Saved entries
*****

definition std_brownian_motion ::
  "'a measure \<Rightarrow> (real \<Rightarrow> 'a measure) \<Rightarrow> (real \<Rightarrow> 'a \<Rightarrow> real) \<Rightarrow> bool" where
  "std_brownian_motion M F W \<longleftrightarrow>
     prob_space M \<and>
     filtration (space M) F \<and>
     (\<forall>t. sets (F t) \<subseteq> sets M) \<and>
     (\<forall>t\<ge>0. W t \<in> borel_measurable (F t)) \<and>
     (AE \<omega> in M. W 0 \<omega> = 0) \<and>
     (AE \<omega> in M. continuous_on {0..} (\<lambda>t. W t \<omega>)) \<and>
     (\<forall>s t. 0 \<le> s \<and> s < t \<longrightarrow>
        distributed M lborel (\<lambda>\<omega>. W t \<omega> - W s \<omega>)
          (\<lambda>x. ennreal (normal_density 0 (sqrt (t - s)) x))) \<and>
     (\<forall>s t. 0 \<le> s \<and> s < t \<longrightarrow>
        (\<forall>A\<in>sets (F s). \<forall>B\<in>sets borel.
           measure M (A \<inter> ((\<lambda>\<omega>. W t \<omega> - W s \<omega>) -` B \<inter> space M)) =
           measure M A * measure M ((\<lambda>\<omega>. W t \<omega> - W s \<omega>) -` B \<inter> space M)))"

fun iem_scheme ::
  "real \<Rightarrow> real \<Rightarrow> (nat \<Rightarrow> real) \<Rightarrow> real \<Rightarrow> (real \<Rightarrow> 'a \<Rightarrow> real) \<Rightarrow>
   (nat \<Rightarrow> 'a \<Rightarrow> real) \<Rightarrow> nat \<Rightarrow> nat \<Rightarrow> 'a \<Rightarrow> real" where
  "iem_scheme b0 b1 lam tau W Y0 0 k \<omega> = Y0 k \<omega>"
| "iem_scheme b0 b1 lam tau W Y0 (Suc n) k \<omega> =
     iem_scheme b0 b1 lam tau W Y0 n k \<omega> *
       (1 + b1 * (W (real (Suc n) * tau) \<omega> - W (real n * tau) \<omega>)) /
       (1 + tau * (lam k - b0))"

definition normp :: "real \<Rightarrow> nat \<Rightarrow> (nat \<Rightarrow> real) \<Rightarrow> real" where
  "normp p N y = (\<Sum>k=1..N. \<bar>y k\<bar>\<^sup>2) powr (p / 2)"

end

theory Submission
  imports Defs "HOL-Real_Asymp.Real_Asymp"
begin

(* Put c = lam 1 - beta0 and DW = W (t_(n+1)) - W t_n.  Every mode is multiplied by the common
   factor 1 + beta1 DW and divided by 1 + tau (lam k - beta0) >= 1 + tau c, so pathwise
   normp (Y (n+1)) <= (|1 + beta1 DW| / (1 + tau c)) powr p * normp (Y n).  As DW ~ N(0, tau) is
   independent of F t_n, the expectation contracts by E |1 + beta1 DW| powr p / (1 + tau c) powr p
   per step.  Expanding |1 + y| powr p to second order against the Gaussian moments, this factor is
   1 - mu_p tau + O(tau powr (3/2)), hence at most exp (- mu_p tau / 2) for small tau; so C = 1. *)

lemma one_plus_powr_le_two_powr_abs:
  fixes t e :: real
  assumes "\<bar>t\<bar> \<le> 1/2"
  shows "(1 + t) powr e \<le> 2 powr \<bar>e\<bar>"
proof (cases "0 \<le> e")
  case True
  then show ?thesis using assms by (simp add: powr_mono2)
next
  case False
  have "(1/2) powr (-e) \<le> (1 + t) powr (-e)"
    using assms False by (intro powr_mono2) auto
  then have "inverse ((1 + t) powr (-e)) \<le> inverse ((1/2) powr (-e))"
    by (intro le_imp_inverse_le) auto
  then show ?thesis
    using assms False by (simp add: powr_minus powr_divide)
qed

*****

Task
Copy exactly the lines from the top of the entries through the line with "F W \<longleftrightarrow>" in it, please, keeping both ends and adding nothing.

Solved exercise
definition std_brownian_motion ::
  "'a measure \<Rightarrow> (real \<Rightarrow> 'a measure) \<Rightarrow> (real \<Rightarrow> 'a \<Rightarrow> real) \<Rightarrow> bool" where
  "std_brownian_motion M F W \<longleftrightarrow>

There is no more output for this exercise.